彼女の頭の中はグレアムの言葉がずっとリフレインしていた。
『素晴らしいな』
『すごい才能だ』
『マデリーネ。小さな子供たち用の教本を書いてみないか?』
マデリーネの作品をそこまで評価してくれた男性はいない。アリオンでさえ、マデリーネの趣味には眉を顰めたのだ。
(グレアム様……)
羽ペンにインクをつけて紙に彼の名前を書き付けてみた。
グレアム
ふと思いたって、隣に自分の名前を書いてみる。
グレアム×マデリーネ
ストンと、パズルのピースがハマるような感覚。
(ああ。そうか。自分はとっくに――)
◇
「日和見どもめ! 時代の趨勢は確実にグレアム・バーミリンガーにあるというのに! まるで分かっとらん!」
グレアムの秘書スヴァンの居室で一時帰還したベイセル=アクセルソンが憤っていた。
はて? スヴァンの記憶では確かベイセルは近隣の領主や土豪に敵対の意思はないことを伝えにいっただけのはずだ。それがなぜ、日和見やら趨勢やらの話になるのか?
「聞きたいか?」
「いえ、結構です」
「つれないな。お悩み相談室とやらを開いておるのだろうに?」
スヴァンは【ロールバック】という死に戻りのスキルを持ち、その代償として他者の秘密を明かせない。グレアムはこの代償の部分だけ公にし、何か悩みがあればスヴァンに相談するようにアナウンスしたのだ。
「ここは一つワシの相談も――」
「あなたの相談を受ける前に、あなたへの相談をどうにかしてください」
「む? やはり、ワシを恨んでおる者がいるのか?」
かつてグレアム討伐軍の将軍であったベイセルは行軍速度を重視するあまり、いくつもの村を潰した前科がある。団員の中にはそういった村の出身者も多い。
「いえ、それは大丈夫です」
俺の顔に免じて許してやってくれとグレアムに言われて大金を渡されては団員も溜飲を下げるしかない。それでも許せない者は団を離れた。補償金を元手に聖国で一旗あげるつもりだと言っていた。

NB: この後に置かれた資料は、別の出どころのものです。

(* Consider the output of the Clustering procedure described in the context. Let $j' \in C$ be a client that was selected as a cluster center, and let $j \in C$ be a client with $j \in C(j')$. Then for every facility $i$ in the cluster proposition $CP(j')$ that $j'$ had at the moment it was selected as a center, $c_{ij} \le 3\, D^C_{\max}(j)$.
   Context: Metric Fault-Tolerant Facility Placement (FTFP): a finite set $F$ of facilities with opening costs $f_i\ge 0$, a finite set $C$ of clients with integer requirements $r_j\ge 1$, and connection costs $c_{ij}$ satisfying the triangle inequality (extended to a metric on $F\cup C$). A fractional solution $(\bar x,\bar y)$ assigns $\bar y_i\ge 0$ to facilities and $\bar x_{ij}\in\{0,\bar y_i\}$ to pairs (facilities may be split into co-located copies so that this holds and so that subsets of any prescribed volume below exist). For $A\subseteq F$, $\mathrm{vol}(A)=\sum_{i\in A}\bar y_i$. For a client $j$, $F_j=\{i:\bar x_{ij}>0\}$. For $A\subseteq F$ with $\mathrm{vol}(A)\ge r$, $B(j,A,r)$ denotes a subset of $A$ of volume exactly $r$ minimizing the radius $\max_{i}c_{ij}$ over the subset. The close facilities of $j$ are $F^C_j=B(j,F_j,r_j)$ and $D^C_{\max}(j)=\max_{i\in F^C_j}c_{ij}$. Clustering procedure: initially $CP(j):=F^C_j$ and $q_j:=D^C_{\max}(j)$ for all $j$ (the values $q_j$ are never changed), and every client has its requirement $r_j$ as a working value. While some client has positive working requirement: select a client $j$ with positive working requirement minimizing $q_j$ and set its working requirement to $0$; let $N(j)$ be the set of clients $j''$ with positive working requirement and $CP(j)\cap CP(j'')\neq\emptyset$; for each $j'\in N(j)$ set $r_{j'}:=\max(0, r_{j'}-\lceil \mathrm{vol}(CP(j)\cap CP(j'))\rceil)$ and $CP(j'):=B(j',CP(j')\setminus CP(j),r_{j'})$; then form the cluster $C(j)=\{j\}\cup N(j)\cup CP(j)$ with center $j$. *)

theory Defs
  imports Complex_Main
begin

definition vol :: "('a \<Rightarrow> real) \<Rightarrow> 'a set \<Rightarrow> real" where
  "vol y A = (\<Sum>i\<in>A. y i)"

definition radius :: "('a \<Rightarrow> 'a \<Rightarrow> real) \<Rightarrow> 'a \<Rightarrow> 'a set \<Rightarrow> real" where
  "radius d j S = (if S = {} then 0 else Max ((\<lambda>i. d i j) ` S))"

definition is_B :: "('a \<Rightarrow> 'a \<Rightarrow> real) \<Rightarrow> ('a \<Rightarrow> real) \<Rightarrow> 'a \<Rightarrow> 'a set \<Rightarrow> real \<Rightarrow> 'a set \<Rightarrow> bool" where
  "is_B d y j A r S \<longleftrightarrow> S \<subseteq> A \<and> vol y S = r \<and>
     (\<forall>S'. S' \<subseteq> A \<longrightarrow> vol y S' = r \<longrightarrow> radius d j S \<le> radius d j S')"

text \<open>N(j): clients with positive working requirement whose current cluster proposition
  meets CP(j) (j itself excluded, its requirement having just been set to 0).\<close>
definition Nbr :: "'a set \<Rightarrow> ('a \<Rightarrow> int) \<Rightarrow> ('a \<Rightarrow> 'a set) \<Rightarrow> 'a \<Rightarrow> 'a set" where
  "Nbr C r CP j = {k \<in> C. k \<noteq> j \<and> r k > 0 \<and> CP j \<inter> CP k \<noteq> {}}"

definition cluster :: "'a set \<Rightarrow> ('a \<Rightarrow> int) \<Rightarrow> ('a \<Rightarrow> 'a set) \<Rightarrow> 'a \<Rightarrow> 'a set" where
  "cluster C r CP j = {j} \<union> Nbr C r CP j \<union> CP j"

text \<open>One iteration of the clustering loop: from state (r, CP) the center j is selected
  (with tie-breaking and choices of B arbitrary), leading to state (r', CP').\<close>
definition clust_step ::
  "('a \<Rightarrow> 'a \<Rightarrow> real) \<Rightarrow> ('a \<Rightarrow> real) \<Rightarrow> 'a set \<Rightarrow> ('a \<Rightarrow> real)
   \<Rightarrow> ('a \<Rightarrow> int) \<Rightarrow> ('a \<Rightarrow> 'a set) \<Rightarrow> 'a \<Rightarrow> ('a \<Rightarrow> int) \<Rightarrow> ('a \<Rightarrow> 'a set) \<Rightarrow> bool" where
  "clust_step d y C q r CP j r' CP' \<longleftrightarrow>
     j \<in> C \<and> r j > 0 \<and> (\<forall>k\<in>C. r k > 0 \<longrightarrow> q j \<le> q k) \<and>
     r' j = 0 \<and> CP' j = CP j \<and>
     (\<forall>k. k \<in> Nbr C r CP j \<longrightarrow>
        r' k = max 0 (r k - \<lceil>vol y (CP j \<inter> CP k)\<rceil>) \<and>
        is_B d y k (CP k - CP j) (of_int (r' k)) (CP' k)) \<and>
     (\<forall>k. k \<noteq> j \<longrightarrow> k \<notin> Nbr C r CP j \<longrightarrow> r' k = r k \<and> CP' k = CP k)"

definition clust_run ::
  "('a \<Rightarrow> 'a \<Rightarrow> real) \<Rightarrow> ('a \<Rightarrow> real) \<Rightarrow> 'a set \<Rightarrow> ('a \<Rightarrow> nat) \<Rightarrow> ('a \<Rightarrow> 'a set)
   \<Rightarrow> nat \<Rightarrow> (nat \<Rightarrow> 'a \<Rightarrow> int) \<Rightarrow> (nat \<Rightarrow> 'a \<Rightarrow> 'a set) \<Rightarrow> (nat \<Rightarrow> 'a) \<Rightarrow> bool" where
  "clust_run d y C req FC n R P ctr \<longleftrightarrow>
     (\<forall>k. R 0 k = int (req k)) \<and> (\<forall>k. P 0 k = FC k) \<and>
     (\<forall>t<n. clust_step d y C (\<lambda>k. radius d k (FC k)) (R t) (P t) (ctr t) (R (Suc t)) (P (Suc t))) \<and>
     (\<forall>k\<in>C. R n k \<le> 0)"

end

theory Submission
  imports Defs
begin

text \<open>Cluster propositions only shrink, so every facility of CP(k) is within q(k) of k.
  If j lies in the cluster of the center j', either j = j', or j is a neighbour: some facility a
  lies in both CP(j') and CP(j), and the path i \<rightarrow> j' \<rightarrow> a \<rightarrow> j has length at most
  2 q(j') + q(j) \<le> 3 q(j), since j' was chosen with minimal q among the pending clients.\<close>

lemma clust_step_proposition_subset:
  assumes "clust_step d y C q r CP j r' CP'"
  shows "CP' k \<subseteq> CP k"
proof (cases "k = j \<or> k \<notin> Nbr C r CP j")
  case True
  then show ?thesis using assms by (auto simp: clust_step_def)
next
  case False
  then have "is_B d y k (CP k - CP j) (of_int (r' k)) (CP' k)"
    using assms unfolding clust_step_def by blast
  then show ?thesis by (auto simp: is_B_def)
qed

lemma clust_run_proposition_subset:
  assumes "clust_run d y C req FC n R P ctr" and "t \<le> n"
  shows "P t k \<subseteq> FC k"
  using assms(2)
proof (induction t)
  case 0
  then show ?case using assms(1) by (simp add: clust_run_def)
next
  case (Suc t)
  then have "clust_step d y C (\<lambda>k. radius d k (FC k)) (R t) (P t) (ctr t) (R (Suc t)) (P (Suc t))"
    using assms(1) by (simp add: clust_run_def)
  then show ?case using Suc clust_step_proposition_subset by fastforce
qed

lemma cluster_member_cases:
  assumes "j \<in> cluster C r CP j'" and "j \<notin> CP j'"
  obtains (center) "j = j'" | (neighbour) "r j > 0" and "CP j' \<inter> CP j \<noteq> {}"
  using assms by (auto simp: cluster_def Nbr_def)

lemma radius_ge:
  assumes "finite S" and "a \<in> S"
  shows "d a k \<le> radius d k S"
  using assms by (auto simp: radius_def)

lemma dist_nonneg:
  fixes d :: "'a \<Rightarrow> 'a \<Rightarrow> real"
  assumes "\<And>u. u \<in> S \<Longrightarrow> d u u = 0"
    and "\<And>u v. u \<in> S \<Longrightarrow> v \<in> S \<Longrightarrow> d u v = d v u"
    and "\<And>u v w. u \<in> S \<Longrightarrow> v \<in> S \<Longrightarrow> w \<in> S \<Longrightarrow> d u w \<le> d u v + d v w"
    and "u \<in> S" and "v \<in> S"
  shows "d u v \<ge> 0"
proof -
  have "d u u \<le> d u v + d v u" using assms(3-5) by blast
  then show ?thesis using assms(1)[OF assms(4)] assms(2)[OF assms(4,5)] by linarith
qed

lemma dist_le_via_common_point:
  fixes d :: "'a \<Rightarrow> 'a \<Rightarrow> real"
  assumes "\<And>u v. u \<in> S \<Longrightarrow> v \<in> S \<Longrightarrow> d u v = d v u"
    and "\<And>u v w. u \<in> S \<Longrightarrow> v \<in> S \<Longrightarrow> w \<in> S \<Longrightarrow> d u w \<le> d u v + d v w"
    and "i \<in> S" "a \<in> S" "j \<in> S" "j' \<in> S"
    and "d i j' \<le> q'" "d a j' \<le> q'" "d a j \<le> q" "q' \<le> q"
  shows "d i j \<le> 3 * q"
proof -
  have "d i j \<le> d i j' + d j' j" "d j' j \<le> d j' a + d a j"
    using assms(2) assms(3-6) by blast+
  then show ?thesis using assms(1)[OF assms(6,4)] assms(7-10) by linarith
qed

theorem lemma1:
  fixes F C :: "'a set" and d :: "'a \<Rightarrow> 'a \<Rightarrow> real"
    and y :: "'a \<Rightarrow> real" and x :: "'a \<Rightarrow> 'a \<Rightarrow> real"
    and req :: "'a \<Rightarrow> nat" and FC :: "'a \<Rightarrow> 'a set"
    and n :: nat and R :: "nat \<Rightarrow> 'a \<Rightarrow> int" and P :: "nat \<Rightarrow> 'a \<Rightarrow> 'a set"
    and ctr :: "nat \<Rightarrow> 'a" and t :: nat and j j' i :: 'a
  assumes "finite F" and "finite C" and "F \<inter> C = {}"
    and "\<And>u. u \<in> F \<union> C \<Longrightarrow> d u u = 0"
    and "\<And>u v. u \<in> F \<union> C \<Longrightarrow> v \<in> F \<union> C \<Longrightarrow> d u v = d v u"
    and "\<And>u v w. u \<in> F \<union> C \<Longrightarrow> v \<in> F \<union> C \<Longrightarrow> w \<in> F \<union> C \<Longrightarrow> d u w \<le> d u v + d v w"
    and "\<And>k. k \<in> C \<Longrightarrow> req k \<ge> 1"
    and "\<And>i. i \<in> F \<Longrightarrow> y i \<ge> 0"
    and "\<And>i k. i \<in> F \<Longrightarrow> k \<in> C \<Longrightarrow> x i k = 0 \<or> x i k = y i"
    and "\<And>k. k \<in> C \<Longrightarrow> is_B d y k {i \<in> F. x i k > 0} (real (req k)) (FC k)"
    and "clust_run d y C req FC n R P ctr"
    and "t < n" and "ctr t = j'"
    and "j \<in> C" and "j \<in> cluster C (R t) (P t) j'"
    and "i \<in> P t j'"
  shows "d i j \<le> 3 * radius d j (FC j)"
proof -
  have step: "clust_step d y C (\<lambda>k. radius d k (FC k)) (R t) (P t) j' (R (Suc t)) (P (Suc t))"
    using assms(11-13) by (auto simp: clust_run_def)
  then have "j' \<in> C" by (simp add: clust_step_def)
  have FC_F: "FC k \<subseteq> F" if "k \<in> C" for k using assms(10)[OF that] by (auto simp: is_B_def)
  have P_FC: "P t k \<subseteq> FC k" for k
    using clust_run_proposition_subset[OF assms(11)] assms(12) by simp
  have P_F: "P t k \<subseteq> F" if "k \<in> C" for k using P_FC FC_F[OF that] by (rule subset_trans)
  have dist_le_radius: "d a k \<le> radius d k (FC k)" if "k \<in> C" "a \<in> P t k" for a k
    using radius_ge[OF finite_subset[OF FC_F[OF that(1)] assms(1)]] P_FC that(2) by blast
  have "i \<in> F" using P_F[OF \<open>j' \<in> C\<close>] assms(16) ..
  have "j \<notin> P t j'" using P_F[OF \<open>j' \<in> C\<close>] \<open>j \<in> C\<close> assms(3) by blast
  with assms(15) show ?thesis
  proof (cases rule: cluster_member_cases)
    case center
    have "d i j \<ge> 0" using dist_nonneg[of "F \<union> C" d, OF assms(4-6)] \<open>i \<in> F\<close> \<open>j \<in> C\<close> by simp
    then show ?thesis using dist_le_radius[OF \<open>j' \<in> C\<close> assms(16)] center by simp
  next
    case neighbour
    then obtain a where a: "a \<in> P t j'" "a \<in> P t j" by blast
    have "a \<in> F" using P_F[OF \<open>j' \<in> C\<close>] a(1) ..
    have "radius d j' (FC j') \<le> radius d j (FC j)"
      using step neighbour \<open>j \<in> C\<close> by (simp add: clust_step_def)
    then show ?thesis
      using dist_le_via_common_point[where S = "F \<union> C" and d = d and i = i and a = a and j = j
          and j' = j' and q' = "radius d j' (FC j')" and q = "radius d j (FC j)", OF assms(5,6)]
        dist_le_radius[OF \<open>j' \<in> C\<close> assms(16)] dist_le_radius[OF \<open>j' \<in> C\<close> a(1)]
        dist_le_radius[OF \<open>j \<in> C\<close> a(2)] \<open>i \<in> F\<close> \<open>a \<in> F\<close> \<open>j \<in> C\<close> \<open>j' \<in> C\<close>
      by simp
  qed
qed

end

「それよりも、あなたの食べ方が汚いとクレームがきてますよ」
ベイセルは肉でも果物でも一口かじれば床に落とすのだ。おかげでスライムからは好かれているようだが……。
「……なぜ、お前のところに?」
「一応、元貴族様ですからね。直接、言うのは憚られると思ったのでしょう。私も前から思ってましたけど悪癖ですよ。矯正してください」
「むぅ。ワシの貴き行為がわからぬ無知蒙昧どもめ。むしろ、綺麗に食べ尽くすことのほうが強欲なのだ」
「……どういうことです?」
「例えば、リンゴの実が一つ成っているとする。それを猿が見つけて食っても綺麗に食べきることはあるまい。むしろ、一口かじって捨ててしまうこともあるだろうに」
「まぁ、そうですね」
「捨てられた残りの実は無駄になるか? 否、他の動物の糧となる。猿が取って食い尽くさずに捨てるからこそ、他の動物がご相伴に預かれるのだ。大地母神も言ってるだろう。恵みは分けよとな」
「はあ、そうですか。団長に受け入れられるといいですね。その屁理屈」
「待て待て。グレアム殿に伝えるのか? 秘密の厳守はどうした?」
「相談者は相談内容まで秘密にしませんでしたよ」
そうしてグレアムに伝えられた相談内容はグレアムが積極的に解決に動いた。解決が難しければ、その理由と見解を相談者が特定されないように掲示した。
『フィードバックが重要なんだ』とグレアムは言った。
相談を受けたなら何らかの形で返さなければ、無視されているのだと思われてかえって不満がたまる。逆に積極的に解決に動いていることを見せれば組織全体に相談しやすい空気ができあがる。
「風通しのよい職場で結構なことだ」
「ええ。ですからただの愚痴や悪口はご勘弁を」
コンコン
「はい。どうぞ」
ベイセルと軽口をたたきあっていると一人の少女がやってきた。
スヴァンの記憶が確かなら冬の初め頃に戦団にやってきて事務方に入り、なかなか優秀だと評価されている少女だった。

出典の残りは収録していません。